照片不是很大,除了主要的周砚和马可波罗,其他人都没那么好辨认,但自己总是能一眼找到。
周砚把文章内容看了一遍,这篇文章主要以珍妮和马可波罗重返苏稽周村为切入点,刚好遇见周卫国娶曾安蓉,体验接亲、吃坝坝宴、搓麻将等活动。
对周卫国和曾安蓉的事迹也做了相关报道,一个重伤归来的一等功臣,一个拿了劳模的女厨师,两人相差十岁,结为连理,这个故事本身就足够吸引人了。
另外文章还花了一些篇幅,写了孔派众厨师齐献艺,美味坝坝宴引宾客争相好评。
这段看得孔派众人连连点头,还是相当给孔派面子的。
“孔二爷看了肯定高兴,又给孔派长脸了。”老罗笑道。
阿伟道:“我师父才高兴哦,你看指名道姓的说他任副总指挥,这种抛头露面的事,他最喜欢了。”
周砚也挺满意,因为作为新娘师父和新郎侄儿的他,作为掌勺主厨还是拿到了一些篇幅,还提了一嘴周二娃饭店。

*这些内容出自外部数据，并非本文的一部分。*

lemma directed_tree_descendants:
  assumes fin: "finite H" and deg: "\<And>v. in_degree H v \<le> 1" and r: "in_degree H r = 0"
  defines "T \<equiv> {v. (r, v) \<in> H\<^sup>*}"
  shows "directed_tree T (H \<inter> T \<times> T)"
proof -
  let ?E = "H \<inter> T \<times> T"
  have finT: "finite T"
    using finite_rtrancl_Image[OF fin, of "{r}"] by (simp add: T_def Image_singleton)
  have closed: "u \<in> T" if "(u, v) \<in> H" "v \<in> T" for u v
    using in_degree_le_1_descendants_closed[OF fin deg r] that by (simp add: T_def)
  have "(r, v) \<in> ?E\<^sup>*" if "(r, v) \<in> H\<^sup>*" for v
    using that
  proof (induction rule: rtrancl_induct)
    case (step y z)
    then have "(y, z) \<in> ?E"
      unfolding T_def by (auto intro: rtrancl_into_rtrancl)
    with step.IH show ?case
      by (rule rtrancl_into_rtrancl)
  qed simp
  then have reach: "\<forall>v\<in>T. (r, v) \<in> ?E\<^sup>*"
    unfolding T_def by blast
  have "{a \<in> H. snd a \<in> T} = ?E"
    using closed by auto
  then have "card ?E = (\<Sum>v\<in>T. in_degree H v)"
    using card_arcs_into_eq_sum_in_degree[OF fin finT] by simp
  also have "\<dots> = (\<Sum>v\<in>T - {r}. 1)"
  proof -
    have "in_degree H v = 1" if v: "v \<in> T - {r}" for v
    proof -
      from v have "(r, v) \<in> H\<^sup>*" "v \<noteq> r"
        by (auto simp: T_def)
      then obtain u where "(u, v) \<in> H"
        by (cases rule: rtranclE) auto
      then show ?thesis
        using deg[of v] in_degree_pos_iff[OF fin, of v] by fastforce
    qed
    moreover have "r \<in> T"
      by (simp add: T_def)
    ultimately show ?thesis
      using finT r by (simp add: sum.remove)
  qed
  also have "\<dots> = card T - 1"
    using finT by (simp add: T_def)
  finally show ?thesis
    unfolding directed_tree_def using reach by (auto simp: T_def)
qed
lemma energy_exponential_decay:
  obtains c where "c > 0" "\<And>t. t \<ge> 0 \<Longrightarrow> energy t \<le> 3 * energy 0 * exp (- c * t)"
proof -
  obtain L where L: "\<And>t. t \<ge> 0 \<Longrightarrow> norm (grad_err t) \<le> L * norm (x_err t)"
    using grad_err_lipschitz_bound by blast
  obtain K where K: "0 \<le> K" "\<And>z. norm (A *v z) \<le> K * norm z" "\<And>v. norm (v v* A) \<le> K * norm v"
    using matrix_norm_bound[of A] by blast
  obtain cs where cs: "cs > 0" "\<And>u. u \<in> range ((*v) A) \<Longrightarrow> cs * norm u \<le> norm (u v* A)"
    using vector_matrix_bounded_below_on_column_space[of A] by blast
  obtain \<epsilon> where \<epsilon>: "\<epsilon> > 0" "\<epsilon> * K \<le> min 1 \<alpha> / 2" "2 * \<epsilon> * L\<^sup>2 \<le> \<mu>" "\<epsilon> * (1 + K\<^sup>2 / \<alpha>) \<le> 1"
    using small_perturbation_parameter[OF K(1)] by blast
  define \<kappa> where "\<kappa> = min (\<alpha> * \<mu>) (\<epsilon> * cs\<^sup>2)"
  have "\<kappa> > 0"
    unfolding \<kappa>_def using alpha_pos mu_pos \<epsilon>(1) cs(1) by simp
  note bounds = perturbed_energy_bounds[OF less_imp_le[OF \<epsilon>(1)] K(1,2) \<epsilon>(2)]
  have decay: "perturbed_energy \<epsilon> t \<le> perturbed_energy \<epsilon> 0 * exp (- (2 * \<kappa> / 3) * t)"
    if "t \<ge> 0" for t
  proof (rule exponential_decay_of_derivative_bound[OF _ that])
    fix s :: real assume "s \<ge> 0"
    have "perturbed_energy_rate \<epsilon> s \<le> - \<kappa> * energy s"
      unfolding \<kappa>_def
      by (rule perturbed_energy_rate_le_energy[OF \<epsilon>(1) less_imp_le[OF cs(1)]
            cs(2)[OF l_err_in_column_space[OF \<open>s \<ge> 0\<close>]]
            perturbed_energy_rate_le[OF \<epsilon>(1) K(3) L[OF \<open>s \<ge> 0\<close>] \<epsilon>(3,4)]])
    also have "\<dots> \<le> - (2 * \<kappa> / 3) * perturbed_energy \<epsilon> s"
      using bounds(2)[of s] \<open>\<kappa> > 0\<close> by (simp add: mult_left_mono)
    finally show "\<exists>D. (perturbed_energy \<epsilon> has_real_derivative D) (at s within {0..})
        \<and> D \<le> - (2 * \<kappa> / 3) * perturbed_energy \<epsilon> s"
      using perturbed_energy_derivative[OF \<open>s \<ge> 0\<close>] by blast
  qed
  show thesis
  proof (rule that)
    show "2 * \<kappa> / 3 > 0"
      using \<open>\<kappa> > 0\<close> by simp
    fix t :: real assume "t \<ge> 0"
    have "energy t \<le> 2 * perturbed_energy \<epsilon> t"
      using bounds(1)[of t] by simp
    also have "\<dots> \<le> 2 * perturbed_energy \<epsilon> 0 * exp (- (2 * \<kappa> / 3) * t)"
      using decay[OF \<open>t \<ge> 0\<close>] by simp
    also have "\<dots> \<le> 3 * energy 0 * exp (- (2 * \<kappa> / 3) * t)"
      using bounds(2)[of 0] by (intro mult_right_mono) auto
    finally show "energy t \<le> 3 * energy 0 * exp (- (2 * \<kappa> / 3) * t)" .
  qed
qed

“这个好。”赵铁英扭头跟周淼道:“三水,你去买几份送回去给妈看看,这可是好事。”
“要得。”周淼应了一声,推着车出门去了。
……
周村。
村委办公室。
周峰手里拿着一份报纸,拍着大腿道:“哎呀!这个沈记者,啷个选的照片嘛,我都站这么近了,还只给我拍了半张脸!”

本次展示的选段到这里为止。